Justin Martyr, who wrote in the middle of the second century, based the authority for baptism on Isaiah 1:16-29 (“Wash, make yourselves clean, etc.”) as well as John 3:5 (“Unless you are born again, etc.”). He concluded that washing with water, when done in the name of the Trinity, is specifically efficacious for regeneration, illumination and remission of sins. For Justin, baptism replaced Jewish circumcision as entrance into salvation. Irenaeus, an older contemporary of Tertullian, confirmed the development of the accepted view that baptism was the seal of eternal life and caused us to be born of God, thereby transforming us into the sons of God; it imparts to us the Holy Spirit, and cleanses the soul as well as the body, bestowing the Spirit as an earnest of resurrection.

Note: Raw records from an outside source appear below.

lemma Vrem_dist_le:
  fixes F :: "'p::real_normed_vector \<Rightarrow> 's::{real_normed_vector, second_countable_topology}
      \<Rightarrow> 'a::{real_normed_vector, second_countable_topology} \<Rightarrow> 's"
    and Rt :: "'p \<Rightarrow> 's \<Rightarrow> real"
  assumes pxi: "prob_space pxi" "sets pxi = sets borel"
    and pzeta: "prob_space pzeta" "sets pzeta = sets borel"
    and F_lip: "Lf-lipschitz_on UNIV (\<lambda>(theta, s, xi). F theta s xi)"
    and Rt_lip: "LR-lipschitz_on UNIV (\<lambda>(theta, s). Rt theta s)"
    and "1 \<le> c" "Lf \<le> c"
  shows "\<bar>Vrem F Rt pxi pzeta k th s - Vrem F Rt pxi pzeta k th' s'\<bar>
          \<le> LR * c ^ (k - 1) * ((real k)\<^sup>2 * norm (th - th') + real k * norm (s - s'))"
proof (induction k arbitrary: th s th' s')
  case 0
  then show ?case by simp
next
  case (Suc k)
  let ?V = "Vrem F Rt pxi pzeta k"
  let ?next = "\<lambda>th s (xi, zeta). Rt th s + ?V th (F th s xi + zeta)"
  have LR0: "0 \<le> LR"
    using lipschitz_on_nonneg[OF Rt_lip] .
  have F_dist: "norm (F th s xi - F th' s' xi) \<le> c * (norm (th - th') + norm (s - s'))"
    for th th' s s' xi
  proof -
    have "norm (F th s xi - F th' s' xi) \<le> Lf * (norm (th - th') + norm (s - s'))"
      using lipschitz_on_split_dist_le[OF F_lip, of th "(s, xi)" th' "(s', xi)"]
      by (simp add: dist_norm norm_Pair)
    also have "\<dots> \<le> c * (norm (th - th') + norm (s - s'))"
      using \<open>Lf \<le> c\<close> by (intro mult_right_mono) auto
    finally show ?thesis .
  qed
  have next_measurable: "?next th s \<in> borel_measurable (pxi \<Otimes>\<^sub>M pzeta)" for th s
  proof -
    have "(LR * c ^ (k - 1) * real k)-lipschitz_on UNIV (?V th)"
      using Suc.IH[of th _ th] LR0 \<open>1 \<le> c\<close> by (intro lipschitz_onI) (simp_all add: dist_norm mult.assoc)
    then show ?thesis
      by (intro transition_integrand_borel_measurable[OF pxi(2) pzeta(2) lipschitz_on_continuous_on[OF F_lip]]
          lipschitz_on_continuous_on)
  qed
  have "\<bar>?next th s z - ?next th' s' z\<bar>
        \<le> LR * c ^ k * ((real (Suc k))\<^sup>2 * norm (th - th') + real (Suc k) * norm (s - s'))" for z
  proof -
    obtain xi zeta where z: "z = (xi, zeta)"
      by fastforce
    have "\<bar>Rt th s - Rt th' s'\<bar> \<le> LR * (norm (th - th') + norm (s - s'))"
      using lipschitz_on_split_dist_le[OF Rt_lip] by (simp add: dist_real_def)
    moreover have "\<bar>?V th (F th s xi + zeta) - ?V th' (F th' s' xi + zeta)\<bar>
        \<le> LR * c ^ (k - 1) * ((real k)\<^sup>2 * norm (th - th') + real k * norm (F th s xi - F th' s' xi))"
      using Suc.IH[of th "F th s xi + zeta" th' "F th' s' xi + zeta"] by simp
    ultimately show ?thesis
      unfolding z using F_dist[of th s xi th' s'] LR0 \<open>1 \<le> c\<close>
      by (simp only: case_prod_conv) (rule value_increment_le; simp)
  qed
  from prob_space.abs_integral_diff_le[OF prob_space_pair[OF pxi(1) pzeta(1)] next_measurable next_measurable this]
  show ?case
    by (simp only: Vrem.simps diff_Suc_1)
qed

lemma Vrem_lipschitz:
  fixes F :: "'p::real_normed_vector \<Rightarrow> 's::{real_normed_vector, second_countable_topology}
      \<Rightarrow> 'a::{real_normed_vector, second_countable_topology} \<Rightarrow> 's"
    and Rt :: "'p \<Rightarrow> 's \<Rightarrow> real"
  assumes "prob_space pxi" "sets pxi = sets borel"
    and "prob_space pzeta" "sets pzeta = sets borel"
    and "Lf-lipschitz_on UNIV (\<lambda>(theta, s, xi). F theta s xi)"
    and Rt_lip: "LR-lipschitz_on UNIV (\<lambda>(theta, s). Rt theta s)"
    and "1 \<le> c" "Lf \<le> c"
  shows "(LR * c ^ (k - 1) * ((real k)\<^sup>2 + real k))-lipschitz_on UNIV
           (\<lambda>(theta, s). Vrem F Rt pxi pzeta k theta s)"
proof -
  have "0 \<le> LR"
    using lipschitz_on_nonneg[OF Rt_lip] .
  then have "(LR * c ^ (k - 1) * (real k)\<^sup>2 + LR * c ^ (k - 1) * real k)-lipschitz_on UNIV
      (\<lambda>(theta, s). Vrem F Rt pxi pzeta k theta s)"
    using Vrem_dist_le[OF assms] \<open>1 \<le> c\<close>
    by (intro lipschitz_on_pairI) (auto simp: dist_real_def algebra_simps)
  then show ?thesis
    by (simp add: distrib_left)
qed

lemma value_lipschitz_constant_le:
  fixes LR c :: real
  assumes "0 \<le> LR" "1 \<le> c" "t \<le> T"
  shows "LR * c ^ (T - t - 1) * ((real (T - t))\<^sup>2 + real (T - t))
           \<le> 3 * (real T)\<^sup>2 * LR * c powi (int T - int t - 1)"
proof (cases "t = T")
  case True
  then show ?thesis
    using assms by simp
next
  case False
  define k where "k = T - t"
  then have exponent: "int T - int t - 1 = int (k - 1)" and "1 \<le> real k" "real k \<le> real T"
    using False assms(3) by auto
  have powi: "c powi (int T - int t - 1) = c ^ (k - 1)"
    by (simp only: exponent power_int_of_nat)
  have "real k \<le> (real k)\<^sup>2" "(real k)\<^sup>2 \<le> (real T)\<^sup>2"
    using \<open>1 \<le> real k\<close> \<open>real k \<le> real T\<close> by (auto simp: power2_eq_square intro: mult_mono)
  then have "(real k)\<^sup>2 + real k \<le> 3 * (real T)\<^sup>2"
    using zero_le_power2[of "real T"] by linarith
  then have "LR * c ^ (k - 1) * ((real k)\<^sup>2 + real k) \<le> LR * c ^ (k - 1) * (3 * (real T)\<^sup>2)"
    using assms(1,2) by (intro mult_left_mono) auto
  then show ?thesis
    unfolding powi k_def[symmetric] by (simp add: algebra_simps)
qed

theorem lemma4:
  fixes f :: "'s::euclidean_space \<Rightarrow> 'a::euclidean_space \<Rightarrow> 's"
    and pol :: "'p::euclidean_space \<Rightarrow> 's \<Rightarrow> 'a"
    and R :: "'s \<Rightarrow> 'a \<Rightarrow> real"
    and pxi :: "'a measure" and pzeta :: "'s measure"
    and T :: nat
    and Lf LDf LR LDR :: real
    and Df :: "'p \<times> 's \<times> 'a \<Rightarrow> ('p \<times> 's \<times> 'a) \<Rightarrow>\<^sub>L 's"
    and DR :: "'p \<times> 's \<Rightarrow> ('p \<times> 's) \<Rightarrow>\<^sub>L real"
  assumes pxi: "prob_space pxi" "sets pxi = sets borel"
    and pzeta: "prob_space pzeta" "sets pzeta = sets borel"
    \<comment> \<open>tilde f_theta: Lipschitz jointly in (theta,s,xi), C^2 with Lipschitz first derivative\<close>
    and f_lip: "Lf-lipschitz_on UNIV (\<lambda>(theta, s, xi). ftil f pol theta s xi)"
    and f_deriv: "\<And>z. ((\<lambda>(theta, s, xi). ftil f pol theta s xi) has_derivative blinfun_apply (Df z)) (at z)"
    and f_C2: "\<exists>D2 :: 'p \<times> 's \<times> 'a \<Rightarrow> ('p \<times> 's \<times> 'a) \<Rightarrow>\<^sub>L (('p \<times> 's \<times> 'a) \<Rightarrow>\<^sub>L 's).
                 (\<forall>z. (Df has_derivative blinfun_apply (D2 z)) (at z)) \<and> continuous_on UNIV D2"
    and Df_lip: "LDf-lipschitz_on UNIV Df"
    \<comment> \<open>tilde R_theta: Lipschitz jointly in (theta,s), C^2 with Lipschitz first derivative\<close>
    and R_lip: "LR-lipschitz_on UNIV (\<lambda>(theta, s). Rtil R pol pxi theta s)"
    and R_deriv: "\<And>z. ((\<lambda>(theta, s). Rtil R pol pxi theta s) has_derivative blinfun_apply (DR z)) (at z)"
    and R_C2: "\<exists>D2 :: 'p \<times> 's \<Rightarrow> ('p \<times> 's) \<Rightarrow>\<^sub>L (('p \<times> 's) \<Rightarrow>\<^sub>L real).
                 (\<forall>z. (DR has_derivative blinfun_apply (D2 z)) (at z)) \<and> continuous_on UNIV D2"
    and DR_lip: "LDR-lipschitz_on UNIV DR"
  shows "\<forall>t \<le> T.
           (3 * (real T)\<^sup>2 * LR * Lbar LDf Lf powi (int T - int t - 1))-lipschitz_on UNIV
             (\<lambda>(theta, s). Vtil T (ftil f pol) (Rtil R pol pxi) pxi pzeta t theta s)"
proof (intro allI impI)
  fix t assume "t \<le> T"
  define c where "c = Lbar LDf Lf"
  have "1 \<le> c" "Lf \<le> c"
    unfolding c_def Lbar_def by auto
  have "(LR * c ^ (T - t - 1) * ((real (T - t))\<^sup>2 + real (T - t)))-lipschitz_on UNIV
      (\<lambda>(theta, s). Vrem (ftil f pol) (Rtil R pol pxi) pxi pzeta (T - t) theta s)"
    by (rule Vrem_lipschitz[OF pxi pzeta f_lip R_lip \<open>1 \<le> c\<close> \<open>Lf \<le> c\<close>])
  moreover have "LR * c ^ (T - t - 1) * ((real (T - t))\<^sup>2 + real (T - t))
      \<le> 3 * (real T)\<^sup>2 * LR * c powi (int T - int t - 1)"
    using lipschitz_on_nonneg[OF R_lip] \<open>1 \<le> c\<close> \<open>t \<le> T\<close> by (rule value_lipschitz_constant_le)
  ultimately show "(3 * (real T)\<^sup>2 * LR * Lbar LDf Lf powi (int T - int t - 1))-lipschitz_on UNIV
      (\<lambda>(theta, s). Vtil T (ftil f pol) (Rtil R pol pxi) pxi pzeta t theta s)"
    unfolding Vtil_def c_def by (auto intro: lipschitz_on_mono)
qed

end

The lack of primary documents revealing any contrary understanding that viewed baptism as simply an outward sign of an inward reality leads to a couple of possible conclusions. First, the symbolic understanding of baptism may have been rejected for reasons unknown to modern scholars and removed from the mainstream of local church baptisms. Second, the Church during persecution saw no need (or had no opportunity) to develop any additional system of checks and balances, other than the rule of faith, that could have prevented the doctrine of baptism from taking on a salvic meaning for everyone within the Church.

The second ritual that took on major signficance in the struggle for unity within the Church was the Eucharist. The statements in the Didache relevant to this study are found in chapter 9. First, the Didache explained the cup. "Now concerning the Eucharist, give thanks this way. First, concerning the cup: We thank thee, our Father, for the holy vine of David Thy servant, which Thou madest known to us through Jesus Thy Servant; to Thee be the glory for ever.” Then the broken bread:

We thank Thee, our Father, for the life and knowledge which Thou madest known to us through Jesus Thy Servant; to Thee be the glory forever. Even as this broken bread was scattered over the hills, and was gathered together and became one, so let Thy Church be gathered together from the ends of the earth into Thy kingdom; for Thine is the glory and the power through Jesus Christ for ever.

But let no one eat or drink of your Eucharist, unless they have been baptized into the name of the Lord; for concerning this also the Lord has said, "Give not that which is holy to the dogs.”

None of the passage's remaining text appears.